§ AIM OF THE TASK
Print exactly those lines that run from the beginning of the data to the line bearing "(\<forall>\<alpha> m. f", inclusive.

MATERIALS PROVIDED below:

definition P2 :: "nat \<Rightarrow> 'k::field ser" where
  "P2 l2 = (\<lambda>\<alpha> m. if \<alpha> = zero_mono \<and> m = (0,0) then 1
      else if (\<exists>j. 1 \<le> j \<and> j \<le> l2 \<and> \<alpha> = var_mono (2,j) \<and> m = (0, int j)) then 1 else 0)"

definition is_wall_fn :: "nat \<Rightarrow> nat \<Rightarrow> int \<times> int \<Rightarrow> 'k::field ser \<Rightarrow> bool" where
  "is_wall_fn l1 l2 d f \<longleftrightarrow> in_Rhat l1 l2 f \<and> f zero_mono (0,0) = 1 \<and>
     (\<forall>\<alpha> m. f \<alpha> m \<noteq> 0 \<longrightarrow> (\<alpha> = zero_mono \<and> m = (0,0)) \<or>
        (\<alpha> \<noteq> zero_mono \<and> (\<exists>j::nat. 1 \<le> j \<and> m = (int j * fst d, int j * snd d))))"

text \<open>Ray directions: the rays are R_{<=0}(a,b), (a,b) coprime positive.\<close>
definition ray_dirs :: "(int \<times> int) set" where
  "ray_dirs = {(a,b). 0 < a \<and> 0 < b \<and> coprime a b}"

definition nontriv_rays :: "nat \<Rightarrow> nat \<Rightarrow> nat \<Rightarrow> (int \<times> int \<Rightarrow> 'k::field ser) \<Rightarrow> (int \<times> int) set" where
  "nontriv_rays l1 l2 N F = {d \<in> ray_dirs. ser_trunc l1 l2 N (F d) \<noteq> ser_trunc l1 l2 N ser_one}"

definition slope :: "int \<times> int \<Rightarrow> rat" where
  "slope d = of_int (snd d) / of_int (fst d)"

definition dir_of_slope :: "rat \<Rightarrow> int \<times> int" where
  "dir_of_slope q = (snd (quotient_of q), fst (quotient_of q))"

text \<open>Rays nontrivial mod I^N, in increasing order of slope b/a, i.e. in counterclockwise
  order of the rays R_{<=0}(a,b) in the third quadrant.\<close>
definition sorted_rays :: "nat \<Rightarrow> nat \<Rightarrow> nat \<Rightarrow> (int \<times> int \<Rightarrow> 'k::field ser) \<Rightarrow> (int \<times> int) list" where
  "sorted_rays l1 l2 N F = map dir_of_slope (sorted_list_of_set (slope ` nontriv_rays l1 l2 N F))"

text \<open>The walls crossed (modulo I^N) by a counterclockwise loop around the origin starting in the
  open first quadrant, as (direction, velocity at crossing, function):
  positive y-axis, negative x-axis, rays in the third quadrant, negative y-axis, positive x-axis.\<close>
definition loop_walls :: "nat \<Rightarrow> nat \<Rightarrow> nat \<Rightarrow> (int \<times> int \<Rightarrow> 'k::field ser)
     \<Rightarrow> ((int \<times> int) \<times> (int \<times> int) \<times> 'k ser) list" where
  "loop_walls l1 l2 N F =
     [((0,1), (-1,0), P2 l2), ((1,0), (0,-1), P1 l1)]
     @ map (\<lambda>d. (d, (snd d, - fst d), F d)) (sorted_rays l1 l2 N F)
     @ [((0,1), (1,0), P2 l2), ((1,0), (0,1), P1 l1)]"
(* Let $N=r+1$, $M_n:=M_{1,n}=\sum_{i=1}^Nx_i^{\,n}\prod_{j\neq i}\frac{x_i}{x_i-x_j}\Gamma_i$ with $(\Gamma_if)(x)=f(\dots,qx_i,\dots)$, and $m(u)=\sum_{n\in\mathbb{Z}}u^nM_n$. For $\alpha\ge1$ and integers $a_1,\dots,a_\alpha$, let $M_{a_1,\dots,a_\alpha}$ be the coefficient of $u_1^{a_1}\cdots u_\alpha^{a_\alpha}$ in $\prod_{1\le i<j\le\alpha}(1-qu_j/u_i)\,m(u_1)\cdots m(u_\alpha)$. Then $$M_{a_1,\dots,a_\alpha}=\sum_{A\in ASM_\alpha}(-q)^{I(A)-N(A)}(1-q)^{N(A)}\prod_{i=1}^{\alpha}M_{a_i+\alpha-i-m_i(A)},$$ where the product is ordered with $i$ increasing from left to right.
   Context: $ASM_\alpha$ is the set of $\alpha\times\alpha$ alternating sign matrices: matrices with entries in $\{-1,0,1\}$ whose nonzero entries alternate in sign along each row and column and whose row and column sums all equal $1$. For $A\in ASM_\alpha$: $I(A)=\sum_{i>k,\ j<\ell}A_{i,j}A_{k,\ell}$ is its inversion number, $N(A)$ is the number of entries equal to $-1$, and $m_i(A)=(Av)_i$ where $v=(\alpha-1,\alpha-2,\dots,1,0)^t$. The right-hand side is the quantum determinant of the matrix $(M_{a_j+i-j})_{1\le i,j\le\alpha}$. *)

theory Defs
  imports Main
begin

type_synonym 'a fn = "(nat \<Rightarrow> 'a) \<Rightarrow> 'a"

definition Mop :: "'a::field \<Rightarrow> nat \<Rightarrow> int \<Rightarrow> 'a fn \<Rightarrow> 'a fn" where
  "Mop q N n f x = (\<Sum>i\<in>{1..N}. x i powi n * (\<Prod>j\<in>{1..N} - {i}. x i / (x i - x j))
                       * f (x(i := q * x i)))"

definition opprod :: "('b \<Rightarrow> 'b) list \<Rightarrow> 'b \<Rightarrow> 'b" where
  "opprod ops = foldr (\<circ>) ops id"

definition pairs :: "nat \<Rightarrow> (nat \<times> nat) set" where
  "pairs \<alpha> = {(i,j). 1 \<le> i \<and> i < j \<and> j \<le> \<alpha>}"

text \<open>Exponent of u_k in the monomial prod_{(i,j) in S} u_j/u_i.\<close>
definition shift_exp :: "(nat \<times> nat) set \<Rightarrow> nat \<Rightarrow> int" where
  "shift_exp S k = int (card {i. (i,k) \<in> S}) - int (card {j. (k,j) \<in> S})"

text \<open>Coefficient of u_1^{a_1}...u_alpha^{a_alpha} in
  prod_{i<j} (1 - q u_j/u_i) m(u_1)...m(u_alpha), m(u) = sum_n u^n M_n,
  obtained by expanding the product over subsets S of pairs (applied to f at x).\<close>
definition Mcoef :: "'a::field \<Rightarrow> nat \<Rightarrow> nat \<Rightarrow> (nat \<Rightarrow> int) \<Rightarrow> 'a fn \<Rightarrow> 'a fn" where
  "Mcoef q N \<alpha> a f x = (\<Sum>S\<in>Pow (pairs \<alpha>). (- q) ^ card S *
      opprod (map (\<lambda>k. Mop q N (a k - shift_exp S k)) [1..<\<alpha>+1]) f x)"

definition ASM :: "nat \<Rightarrow> (nat \<Rightarrow> nat \<Rightarrow> int) set" where
  "ASM \<alpha> = {A.
     (\<forall>i j. (i \<notin> {1..\<alpha>} \<or> j \<notin> {1..\<alpha>}) \<longrightarrow> A i j = 0) \<and>
     (\<forall>i\<in>{1..\<alpha>}. \<forall>j\<in>{1..\<alpha>}. A i j \<in> {-1, 0, 1}) \<and>
     (\<forall>i\<in>{1..\<alpha>}. (\<Sum>j\<in>{1..\<alpha>}. A i j) = 1) \<and>
     (\<forall>j\<in>{1..\<alpha>}. (\<Sum>i\<in>{1..\<alpha>}. A i j) = 1) \<and>
     (\<forall>i j1 j2. A i j1 \<noteq> 0 \<and> A i j2 \<noteq> 0 \<and> j1 < j2 \<and> (\<forall>j. j1 < j \<and> j < j2 \<longrightarrow> A i j = 0)
          \<longrightarrow> A i j1 = - A i j2) \<and>
     (\<forall>j i1 i2. A i1 j \<noteq> 0 \<and> A i2 j \<noteq> 0 \<and> i1 < i2 \<and> (\<forall>i. i1 < i \<and> i < i2 \<longrightarrow> A i j = 0)
          \<longrightarrow> A i1 j = - A i2 j)}"

definition inv_num :: "nat \<Rightarrow> (nat \<Rightarrow> nat \<Rightarrow> int) \<Rightarrow> int" where
  "inv_num \<alpha> A = (\<Sum>i\<in>{1..\<alpha>}. \<Sum>j\<in>{1..\<alpha>}. \<Sum>k\<in>{1..\<alpha>}. \<Sum>l\<in>{1..\<alpha>}.
      if k < i \<and> j < l then A i j * A k l else 0)"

End of MATERIALS PROVIDED.

§ RESULT OF THIS EXERCISE
definition P2 :: "nat \<Rightarrow> 'k::field ser" where
  "P2 l2 = (\<lambda>\<alpha> m. if \<alpha> = zero_mono \<and> m = (0,0) then 1
      else if (\<exists>j. 1 \<le> j \<and> j \<le> l2 \<and> \<alpha> = var_mono (2,j) \<and> m = (0, int j)) then 1 else 0)"

definition is_wall_fn :: "nat \<Rightarrow> nat \<Rightarrow> int \<times> int \<Rightarrow> 'k::field ser \<Rightarrow> bool" where
  "is_wall_fn l1 l2 d f \<longleftrightarrow> in_Rhat l1 l2 f \<and> f zero_mono (0,0) = 1 \<and>
     (\<forall>\<alpha> m. f \<alpha> m \<noteq> 0 \<longrightarrow> (\<alpha> = zero_mono \<and> m = (0,0)) \<or>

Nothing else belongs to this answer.